Three British small-cap stocks with big potential

Professional investor Jonathan Brown of the Invesco Perpetual UK Smaller Companies Investment Trust picks three UK small-cap stocks that should provide meaningful returns.

Despite the economy suffering its biggest setback in 300 years, we think the building blocks are in place for a strong recovery in the second half of 2021. We believe there is considerable pent-up demand for both leisure and retail spending, and thanks to the high savings rate during lockdown consumption could be a driver of strong GDP growth from the summer onwards.

In addition, the Brexit trade agreement gives businesses certainty around trading arrangements with the EU, allowing companies to invest with confidence. Assuming the pandemic doesn’t take an unexpected turn for the worse, the pace of economic recovery could be higher than many people expect.

While the events of the last year have taken a heavy toll on individuals, companies  and the economy, we face the future with optimism. We believe our approach of investing in good-quality businesses at sensible valuations remains the correct strategy for achieving long-term returns. 

For stockpickers such as us, the small-cap end of the market is an exciting place to be. By way of illustration, we believe that the three stocks below are particularly well placed to be able to contribute meaningfully to overall returns for the Invesco UK Smaller Companies Equity Fund. 

Essentra: profits in plugs and packaging

Having lost its way under previous management, Essentra (LSE: ESNT), a manufacturer and supplier of caps, plugs, plastic, fibre, foam and packaging products, has been undergoing a transformation. The upshot is that the company is now concentrating on its higher-margin areas of component manufacture and distribution, healthcare packaging and filter products. All these areas offer significant growth potential, both organically and through acquisitions.
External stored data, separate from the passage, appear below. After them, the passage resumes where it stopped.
lemma separating_functional:
  fixes Z :: "'a::real_normed_vector set"
  assumes Z: "subspace Z" and w: "w \<notin> closure Z"
  shows "\<exists>f::'a \<Rightarrow> real. bounded_linear f \<and> f w = 1 \<and> (\<forall>z\<in>Z. f z = 0)"
proof -
  define d where "d = infdist w Z"
  have "Z \<noteq> {}"
    using subspace_0[OF Z] by blast
  then have d: "0 < d"
    unfolding d_def using w in_closure_iff_infdist_zero infdist_nonneg by (metis order_less_le)
  define G0 where "G0 = {g + h | g h. g \<in> Z \<times> {0} \<and> h \<in> span {(w, 1::real)}}"
  have "subspace G0"
    unfolding G0_def by (intro subspace_sums subspace_Times Z subspace_single_0 subspace_span)
  moreover have "s \<le> inverse d * norm x" if "(x, s) \<in> G0" for x s
  proof -
    from that obtain z where z: "z \<in> Z" "x = z + s *\<^sub>R w"
      unfolding G0_def span_singleton by auto
    show ?thesis
    proof (cases "0 < s")
      case True
      then show ?thesis
        using infdist_subspace_le[OF Z z(1) True, of w] d z(2) unfolding d_def by (simp add: field_simps)
    qed (use d in \<open>simp add: order_trans[of s 0]\<close>)
  qed
  ultimately have "dominated_graph (\<lambda>x. inverse d * norm x) G0"
    unfolding dominated_graph_def by auto
  moreover have "sublinear (\<lambda>x. inverse d * norm x)"
    using d by (intro sublinear_scaled_norm) simp
  ultimately obtain f where f: "linear f" "\<And>x. f x \<le> inverse d * norm x" "\<forall>x s. (x, s) \<in> G0 \<longrightarrow> f x = s"
    using Hahn_Banach_sublinear by blast
  have "(w, 1) \<in> G0"
    unfolding G0_def using subspace_0[OF Z]
    by (intro CollectI exI[of _ 0] exI[of _ "(w, 1)"]) (simp add: span_base zero_prod_def)
  moreover have "(z, 0) \<in> G0" if "z \<in> Z" for z
    unfolding G0_def using that
    by (intro CollectI exI[of _ "(z, 0)"] exI[of _ 0]) (simp add: span_zero)
  ultimately have "f w = 1" "\<forall>z\<in>Z. f z = 0"
    using f(3) by blast+
  with bounded_linear_if_le_scaled_norm[OF f(1,2)] show ?thesis by blast
qed

section \<open>Maximal biorthogonal systems\<close>

lemma biorthogonal_systemD:
  assumes "biorthogonal_system I x f" and "i \<in> I"
  shows "bounded_linear (f i)" and "f i (x i) = 1" and "j \<in> I \<Longrightarrow> i \<noteq> j \<Longrightarrow> f i (x j) = 0"
  using assms unfolding biorthogonal_system_def by auto

lemma biorthogonal_system_inj_on:
  assumes "biorthogonal_system I x f"
  shows "inj_on x I"
proof (rule inj_onI)
  fix i j assume "i \<in> I" "j \<in> I" "x i = x j"
  then show "i = j"
    using assms unfolding biorthogonal_system_def by force
qed

lemma biorthogonal_system_reindex:
  assumes bs: "biorthogonal_system I x f"
  shows "biorthogonal_system (x ` I) (\<lambda>a. a) (\<lambda>a. f (inv_into I x a))"
proof -
  have "inv_into I x (x i) = i" if "i \<in> I" for i
    using inv_into_f_f[OF biorthogonal_system_inj_on[OF bs] that] .
  then show ?thesis
    using bs unfolding biorthogonal_system_def by auto
qed

lemma biorthogonal_system_Union_chain:
  assumes "subset.chain {I. biorthogonal_system I x f} C"
  shows "biorthogonal_system (\<Union>C) x f"
proof -
  have bs: "\<And>I. I \<in> C \<Longrightarrow> biorthogonal_system I x f"
    and cmp: "\<And>I J. I \<in> C \<Longrightarrow> J \<in> C \<Longrightarrow> I \<subseteq> J \<or> J \<subseteq> I"
    using assms unfolding subset.chain_def by blast+
  have "f i (x j) = 0" if ij: "i \<in> \<Union>C" "j \<in> \<Union>C" "i \<noteq> j" for i j
  proof -
    obtain I J where "I \<in> C" "J \<in> C" "i \<in> I" "j \<in> J"
      using ij by blast
    then obtain K where "K \<in> C" "i \<in> K" "j \<in> K"
      using cmp[of I J] by blast
    then show ?thesis
      using biorthogonal_systemD(3)[OF bs] ij(3) by simp
  qed
  moreover have "bounded_linear (f i) \<and> f i (x i) = 1" if "i \<in> \<Union>C" for i
  proof -
    from that obtain I where "I \<in> C" "i \<in> I" by blast
    then show ?thesis
      using biorthogonal_systemD(1,2)[OF bs] by simp
  qed
  ultimately show ?thesis
    unfolding biorthogonal_system_def by blast
qed

lemma maximal_biorthogonal_system_annihilator:
  fixes P :: "('a::real_normed_vector \<times> ('a \<Rightarrow> real)) set"
  assumes bs: "biorthogonal_system P fst snd"
    and max: "\<And>Q. biorthogonal_system Q fst snd \<Longrightarrow> P \<subseteq> Q \<Longrightarrow> Q = P"
    and w: "\<forall>i\<in>P. snd i w = 0"
  shows "w \<in> closure (span (fst ` P))"
proof (rule ccontr)
  assume w_notin: "w \<notin> closure (span (fst ` P))"
  then obtain g :: "'a \<Rightarrow> real" where g: "bounded_linear g" "g w = 1" "\<forall>z\<in>span (fst ` P). g z = 0"
    using separating_functional[OF subspace_span w_notin] by blast
  have new: "(w, g) \<notin> P"
  proof
    assume "(w, g) \<in> P"
    then have "w \<in> span (fst ` P)"
      by (intro span_base) force
    then show False
      using w_notin closure_subset by blast
  qed
  have "g (fst j) = 0" if "j \<in> P" for j
    using g(3) span_base[of "fst j" "fst ` P"] that by simp
  then have "biorthogonal_system (insert (w, g) P) fst snd"
    using bs g(1,2) w unfolding biorthogonal_system_def by auto
  then have "insert (w, g) P = P"
    using max subset_insertI by blast
  with new show False by blast
qed

lemma biorthogonal_system_with_annihilator_in_closed_span:
  obtains A :: "'a::real_normed_vector set" and F
  where "biorthogonal_system A (\<lambda>a. a) F" and "\<And>w. \<forall>a\<in>A. F a w = 0 \<Longrightarrow> w \<in> closure (span A)"
proof -
  \<comment> \<open>Zorn's lemma on sets of pairs (x, f), indexed by themselves; f x = 1 forbids two functionals on one vector\<close>
  obtain P :: "('a \<times> ('a \<Rightarrow> real)) set" where bs: "biorthogonal_system P fst snd"
    and max: "\<And>Q. biorthogonal_system Q fst snd \<Longrightarrow> P \<subseteq> Q \<Longrightarrow> Q = P"
  proof -
    have "\<exists>P\<in>{P. biorthogonal_system P fst snd}. \<forall>Q\<in>{P. biorthogonal_system P fst snd}. P \<subseteq> Q \<longrightarrow> Q = P"
      by (rule subset_Zorn') (simp add: biorthogonal_system_Union_chain)
    with that show thesis by auto
  qed
  define F where "F a = snd (inv_into P fst a)" for a
  have "biorthogonal_system (fst ` P) (\<lambda>a. a) F"
    unfolding F_def by (rule biorthogonal_system_reindex[OF bs])
  moreover have "w \<in> closure (span (fst ` P))" if "\<forall>a\<in>fst ` P. F a w = 0" for w
  proof (rule maximal_biorthogonal_system_annihilator[OF bs max])
    show "\<forall>i\<in>P. snd i w = 0"
      using that inv_into_f_f[OF biorthogonal_system_inj_on[OF bs]] unfolding F_def by force
  qed
  ultimately show thesis
    using that by blast
qed

lemma biorthogonal_expansion_of_basis_vector:
  assumes "finite A" and bs: "biorthogonal_system A (\<lambda>a. a) F" and "b \<in> A"
  shows "(\<Sum>a\<in>A. F a b *\<^sub>R a) = b"
proof -
  have "(\<Sum>a\<in>A. F a b *\<^sub>R a) = F b b *\<^sub>R b + (\<Sum>a\<in>A - {b}. F a b *\<^sub>R a)"
    using assms(1,3) by (rule sum.remove)
  also have "(\<Sum>a\<in>A - {b}. F a b *\<^sub>R a) = 0"
    using biorthogonal_systemD(3)[OF bs] \<open>b \<in> A\<close> by (intro sum.neutral) auto
  finally show ?thesis
    using biorthogonal_systemD(2)[OF bs \<open>b \<in> A\<close>] by simp
qed

lemma biorthogonal_coordinate_of_expansion:
  assumes "finite A" and bs: "biorthogonal_system A (\<lambda>a. a) F" and "b \<in> A"
  shows "F b (\<Sum>a\<in>A. c a *\<^sub>R a) = c b"
proof -
  interpret bounded_linear "F b"
    using biorthogonal_systemD(1)[OF bs \<open>b \<in> A\<close>] .
  have "F b (\<Sum>a\<in>A. c a *\<^sub>R a) = (\<Sum>a\<in>A. c a * F b a)"
    by (simp add: sum scale)
  also have "\<dots> = c b * F b b + (\<Sum>a\<in>A - {b}. c a * F b a)"
    using assms(1,3) by (rule sum.remove)
  also have "(\<Sum>a\<in>A - {b}. c a * F b a) = 0"
    using biorthogonal_systemD(3)[OF bs \<open>b \<in> A\<close>] by (intro sum.neutral) auto
  finally show ?thesis
    using biorthogonal_systemD(2)[OF bs \<open>b \<in> A\<close>] by simp
qed

lemma span_eq_UNIV_if_finite_biorthogonal:
  fixes A :: "'a::real_normed_vector set"
  assumes fin: "finite A" and bs: "biorthogonal_system A (\<lambda>a. a) F"
    and ann: "\<And>w. \<forall>a\<in>A. F a w = 0 \<Longrightarrow> w \<in> closure (span A)"
  shows "span A = UNIV"
proof -
  \<comment> \<open>Q is the continuous projection onto the joint kernel of the F a along span A\<close>
  define Q where "Q z = z - (\<Sum>a\<in>A. F a z *\<^sub>R a)" for z
  have "bounded_linear Q"
    unfolding Q_def using biorthogonal_systemD(1)[OF bs]
    by (intro bounded_linear_sub bounded_linear_ident bounded_linear_sum bounded_linear_scaleR_const)
  then have Q0: "Q z = 0" if "z \<in> closure (span A)" for z
  proof (rule continuous_constant_on_closure[OF linear_continuous_on _ that])
    show "Q y = 0" if "y \<in> span A" for y
      using linear_eq_0_on_span[OF bounded_linear.linear[OF \<open>bounded_linear Q\<close>] _ that]
        biorthogonal_expansion_of_basis_vector[OF fin bs] unfolding Q_def by simp
  qed
  have coord: "F b (Q z) = 0" if "b \<in> A" for b z
    using biorthogonal_coordinate_of_expansion[OF fin bs that] that
      linear_diff[OF bounded_linear.linear[OF biorthogonal_systemD(1)[OF bs that]]] unfolding Q_def by simp
  have "x \<in> span A" for x
  proof -
    have "Q (Q x) = 0"
      using Q0 ann coord by simp
    moreover have "Q (Q x) = Q x"
      using coord unfolding Q_def[of "Q x"] by simp
    ultimately have "x = (\<Sum>a\<in>A. F a x *\<^sub>R a)"
      unfolding Q_def by simp
    also have "\<dots> \<in> span A"
      by (intro span_sum span_scale span_base)
    finally show ?thesis .
  qed
  then show ?thesis by auto
qed

section \<open>Coding vectors by real coordinates\<close>

text \<open>Only finitely supported coefficients are meant; otherwise the sum is junk (0).\<close>
definition lincomb :: "'a set \<Rightarrow> ('a \<Rightarrow> real) \<Rightarrow> 'a::real_vector" where
  "lincomb A c = (\<Sum>a\<in>{a\<in>A. c a \<noteq> 0}. c a *\<^sub>R a)"

lemma lincomb_cong: "(\<And>a. a \<in> A \<Longrightarrow> c a = c' a) \<Longrightarrow> lincomb A c = lincomb A c'"
  unfolding lincomb_def by (rule sum.cong) auto

lemma span_imp_lincomb:
  assumes "y \<in> span A"
  shows "\<exists>c. lincomb A c = y"
proof -
  from assms obtain S u where S: "finite S" "S \<subseteq> A" "y = (\<Sum>v\<in>S. u v *\<^sub>R v)"
    unfolding span_explicit by blast
  define c where "c v = (if v \<in> S then u v else 0)" for v
  have "lincomb A c = (\<Sum>v\<in>S. c v *\<^sub>R v)"
    unfolding lincomb_def using S(1,2) by (intro sum.mono_neutral_left) (auto simp: c_def)
  also have "\<dots> = y"
    unfolding S(3) c_def by simp
  finally show ?thesis by blast
qed

lemma closure_span_imp_lincomb_limit:
  fixes A :: "'a::real_normed_vector set"
  assumes "z \<in> closure (span A)"
  shows "\<exists>c. (\<lambda>n. lincomb A (c n)) \<longlonglongrightarrow> z"
proof -
  obtain s where s: "\<forall>n. s n \<in> span A" "s \<longlonglongrightarrow> z"
    using assms unfolding closure_sequential by blast
  have "\<forall>n. \<exists>c. lincomb A c = s n"
    using s(1) span_imp_lincomb by blast
  then obtain c where "\<And>n. lincomb A (c n) = s n"
    by metis
  with s(2) show ?thesis
    by (intro exI[of _ c]) simp
qed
The company’s transformation has gone largely unnoticed by the stockmarket, leaving the shares trading on a lower valuation than many other similar businesses. 

RWS Holdings: a top translation business

RWS Holdings (Aim: RWS) recently merged with SDL to create the world’s largest translation business. RWS has a strong reputation for quality and leads the market in the highly specialised areas of patent and healthcare translation. The merger with SDL offers the potential for both significant cost savings and an acceleration in growth as the group harnesses SDL’s market-leading translation technology to expand into new fields.

Hollywood Bowl: a star performer

Hollywood Bowl Group (LSE: BOWL), one of the UK’s leading tenpin bowling businesses, has come under pressure in the pandemic, like all leisure companies. While its premises are closed for now, we believe that there is a lot of potential for it to recover strongly once lockdown is over. 

The sector has suffered from a lack of investment for years and we have been impressed by how Hollywood Bowl has taken the opportunity to upgrade its offering to include better-quality food and a more premium experience overall – at a price that remains relatively affordable. 

The business has significant growth potential, both from opening additional bowling outlets and from its new indoor-golf format Puttstars. The shares are still trading well below their pre-pandemic level.